Greg Joswiak, Apple SVP Marketing, also tweeted to confirm the news.
Apple also confirmed that Apple pulled in $94 billion in revenue this quarter, up 10% year over year. Nearly $44 billion came from iPhone sales alone. That’s 10% year-over-year growth.
iPhone saw a double-digit growth during the quarter ending in June 2025. That’s huge, but there’s a reason for that. According to Bloomberg’s Mark Gurman, one reason could be fear. Many buyers are rushing to upgrade before potential tariffs make iPhones more expensive. These are tariffs introduced under Trump-era trade rules. Apple said tariffs already cost them $800 million last quarter, and it expects losses of $1.1 billion in the next. In March, Apple even airlifted nearly $2 billion worth of iPhones from India to avoid further costs.
While iPhone sales are still going strong, Apple is preparing to invest heavily in AI. He even said that Apple might acquire a company to speed up its AI roadmap. That’s a big move for a company that’s usually slow and careful with acquisitions. But with the AI race heating up, Apple knows it cannot fall behind.
Apple is expected to announce the iPhone 17 lineup in September, and one model getting attention is the rumored iPhone 17 Air. It could be an ultra-thin iPhone with a minimalist design. It may feature just one rear camera, a basic A19 chip, and a 6.6-inch screen.
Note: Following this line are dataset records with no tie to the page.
lemma finite_walk_le_ends: "finite U \<Longrightarrow> finite {y. walk_le E U k x y}"
  by (rule finite_subset[of _ U]) (auto dest: walk_le_endpoints)

lemma walk_le_of_successively:
  assumes "successively (\<lambda>u v. {u, v} \<in> E) xs" and "xs \<noteq> []" and "set xs \<subseteq> U"
  shows "walk_le E U (length xs - 1) (hd xs) (last xs)"
  using assms
proof (induction xs rule: rev_induct)
  case (snoc y xs)
  show ?case
  proof (cases "xs = []")
    case True
    then show ?thesis using snoc.prems by (auto intro: walk_le.refl)
  next
    case False
    then have "walk_le E U (length xs - 1) (hd xs) (last xs)"
      using snoc by (simp add: successively_append_iff)
    moreover have "{last xs, y} \<in> E" using snoc.prems False by (simp add: successively_append_iff)
    ultimately have "walk_le E U (Suc (length xs - 1)) (hd xs) y"
      using snoc.prems by (auto intro: walk_le.step)
    then show ?thesis using False by simp
  qed
qed simp

lemma path_of_walk_le:
  assumes "walk_le E U k x y" and "U \<subseteq> V"
  shows "\<exists>xs. is_path V E xs \<and> set xs \<subseteq> U \<and> hd xs = x \<and> last xs = y \<and> length xs \<le> k + 1"
  using assms(1)
proof induction
  case (refl x k)
  then show ?case using assms(2) by (intro exI[of _ "[x]"]) (auto simp: is_path_iff)
next
  case (step k x p y)
  then obtain xs where xs: "is_path V E xs" "set xs \<subseteq> U" "hd xs = x" "last xs = p"
    "length xs \<le> k + 1" by blast
  show ?case
  proof (cases "y \<in> set xs")
    case True
    then obtain ys zs where "xs = (ys @ [y]) @ zs" by (auto dest: split_list)
    with xs have "is_path V E (ys @ [y])" "hd (ys @ [y]) = x"
      by (auto simp: is_path_iff successively_append_iff hd_append)
    with xs \<open>xs = (ys @ [y]) @ zs\<close> show ?thesis by (intro exI[of _ "ys @ [y]"]) auto
  next
    case False
    have "is_path V E (xs @ [y])"
      using xs(1,4) False step.hyps(2,3) assms(2) by (auto simp: is_path_iff successively_append_iff)
    with xs step.hyps(3) show ?thesis by (intro exI[of _ "xs @ [y]"]) (auto simp: is_path_iff)
  qed
qed

lemma reach_within_iff_walk_le:
  assumes "U \<subseteq> V"
  shows "reach_within V E U k x y \<longleftrightarrow> walk_le E U k x y"
proof
  assume "reach_within V E U k x y"
  then obtain xs where "is_path V E xs" "set xs \<subseteq> U" "hd xs = x" "last xs = y" "length xs \<le> k + 1"
    unfolding reach_within_def by blast
  moreover from this have "walk_le E U (length xs - 1) x y"
    using walk_le_of_successively[of E xs U] by (auto simp: is_path_iff)
  ultimately show "walk_le E U k x y"
    using walk_le_mono[of E U "length xs - 1" x y k] by simp
next
  assume "walk_le E U k x y"
  from path_of_walk_le[OF this assms] show "reach_within V E U k x y"
    unfolding reach_within_def by blast
qed

lemma walk_le_sequenceE:
  assumes "walk_le E U k x y"
  obtains j f where "j \<le> k" "f 0 = x" "f j = y"
    "\<forall>i<j. {f i, f (Suc i)} \<in> E" "\<forall>i\<le>j. f i \<in> U"
proof -
  from assms have "\<exists>j f. j \<le> k \<and> f 0 = x \<and> f j = y \<and>
      (\<forall>i<j. {f i, f (Suc i)} \<in> E) \<and> (\<forall>i\<le>j. f i \<in> U)"
  proof induction
    case (refl x k)
    then show ?case by (intro exI[of _ 0] exI[of _ "\<lambda>_. x"]) auto
  next
    case (step k x p y)
    then obtain j f where "j \<le> k" "f 0 = x" "f j = p"
      "\<forall>i<j. {f i, f (Suc i)} \<in> E" "\<forall>i\<le>j. f i \<in> U" by blast
    with step.hyps(2,3) show ?case
      by (intro exI[of _ "Suc j"] exI[of _ "f(Suc j := y)"]) (auto simp: less_Suc_eq le_Suc_eq)
  qed
  with that show ?thesis by blast
qed

lemma walk_le_of_sequence:
  assumes "i \<le> j"
    and "\<And>l. i \<le> l \<Longrightarrow> l < j \<Longrightarrow> {f l, f (Suc l)} \<in> E"
    and "\<And>l. i \<le> l \<Longrightarrow> l \<le> j \<Longrightarrow> f l \<in> U"
  shows "walk_le E U (j - i) (f i) (f j)"
  using assms(1)
proof (induction rule: dec_induct)
  case base
  then show ?case using assms(1) assms(3)[of i] by (simp add: walk_le.refl)
next
  case (step n)
  then have "walk_le E U (Suc (n - i)) (f i) (f (Suc n))"
    using assms(2,3) by (auto intro: walk_le.step)
  then show ?case using step.hyps(1) by (simp add: Suc_diff_le)
qed

lemma walk_le_crosses:
  fixes x :: "'a::linorder"
  assumes "walk_le E U (Suc k) a b" and "a < x \<and> x < b \<or> b < x \<and> x < a"
  shows "walk_le E U k a x \<or> (\<exists>c e. {c, e} \<in> E \<and> c < x \<and> x < e
           \<and> (c = b \<or> walk_le E U k a c) \<and> (e = b \<or> walk_le E U k a e))"
proof -
  have "walk_le E U (n - 1) a x \<or> (\<exists>c e. {c, e} \<in> E \<and> c < x \<and> x < e
           \<and> (c = b \<or> walk_le E U (n - 1) a c) \<and> (e = b \<or> walk_le E U (n - 1) a e))"
    if "walk_le E U n a b" and "a < x \<and> x < b \<or> b < x \<and> x < a" for n b
    using that
  proof (induction rule: walk_le.induct)
    case (refl a n)
    then show ?case by auto
  next
    case (step k a p b)
    consider "p = x" | "a < x \<and> p < x \<or> x < a \<and> x < p" | "a < x \<and> x < p \<or> p < x \<and> x < a"
      using step.prems by fastforce
    then show ?case
    proof cases
      case 1
      then show ?thesis using step.hyps(1) by simp
    next
      case 2
      then show ?thesis
      proof
        assume "a < x \<and> p < x"
        then show ?thesis using step.hyps(1,2) step.prems by auto
      next
        assume "x < a \<and> x < p"
        then show ?thesis using step.hyps(1,2) step.prems by (auto simp: insert_commute)
      qed
    next
      case 3
      with step.IH show ?thesis using walk_le_mono[of E U "k - 1" a _ k] step.hyps(1) by fastforce
    qed
  qed
  from this[OF assms] show ?thesis by simp
qed

lemma X_property_edge:
  assumes "X_property V E" and "simple_graph V E"
    and "p < q" "q < r" "r < z" and "{p, r} \<in> E" "{q, z} \<in> E"
  shows "{p, z} \<in> E"
  using assms simple_graph_edgeD[OF assms(2)] unfolding X_property_def by blast

lemma walk_end_adjacent_upper:
  fixes y :: "'a::linorder"
  assumes X: "X_property V E" and G: "simple_graph V E"
    and walk: "walk_le E U k r w"
    and between: "r \<le> v \<and> v \<le> w \<or> w \<le> v \<and> v \<le> r"
    and vy: "{v, y} \<in> E"
    and below: "\<And>u. walk_le E U k r u \<Longrightarrow> u < y"
    and far: "\<And>i u. walk_le E U i r u \<Longrightarrow> {u, y} \<in> E \<Longrightarrow> k \<le> i"
  shows "w \<le> v \<and> {w, y} \<in> E"
proof (cases "v = w")
  case True
  then show ?thesis using vy by simp
next
  case False
  have "v \<noteq> r"
  proof
    assume "v = r"
    then have "k = 0" using far[of 0 r] walk_le_endpoints[OF walk] vy by (simp add: walk_le.refl)
    then show False using walk False \<open>v = r\<close> by (simp add: walk_le_0_iff)
  qed
  with between False have strict: "r < v \<and> v < w \<or> w < v \<and> v < r" by auto
  then obtain k' where k: "k = Suc k'" using walk by (cases k) (auto simp: walk_le_0_iff)
  from walk_le_crosses[OF walk[unfolded k] strict]
  consider "walk_le E U k' r v"
    | c e where "{c, e} \<in> E" "c < v" "v < e" "c = w \<or> walk_le E U k' r c" "e = w \<or> walk_le E U k' r e"
    by blast
  then show ?thesis
  proof cases
    case 1
    then show ?thesis using far[OF 1 vy] k by simp
  next
    case 2
    have "walk_le E U k r e" using 2(5) walk k walk_le_mono[of E U k' r e k] by auto
    then have cy: "{c, y} \<in> E" using X_property_edge[OF X G 2(2,3) below 2(1) vy] by simp
    then have "c = w" using 2(4) far k by fastforce
    then show ?thesis using cy 2(2) by simp
  qed
qed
This phone could be priced around $900, which is more than the base iPhone 16 but matches the iPhone 16 Plus.
Three billion iPhones is a huge milestone, not just for Apple, but for the entire tech world. It shows how dominant the iPhone has become since 2007. Right now, Apple doesn’t stand anywhere in the AI race, but the company is investing heavily in AI and could soon bounce back.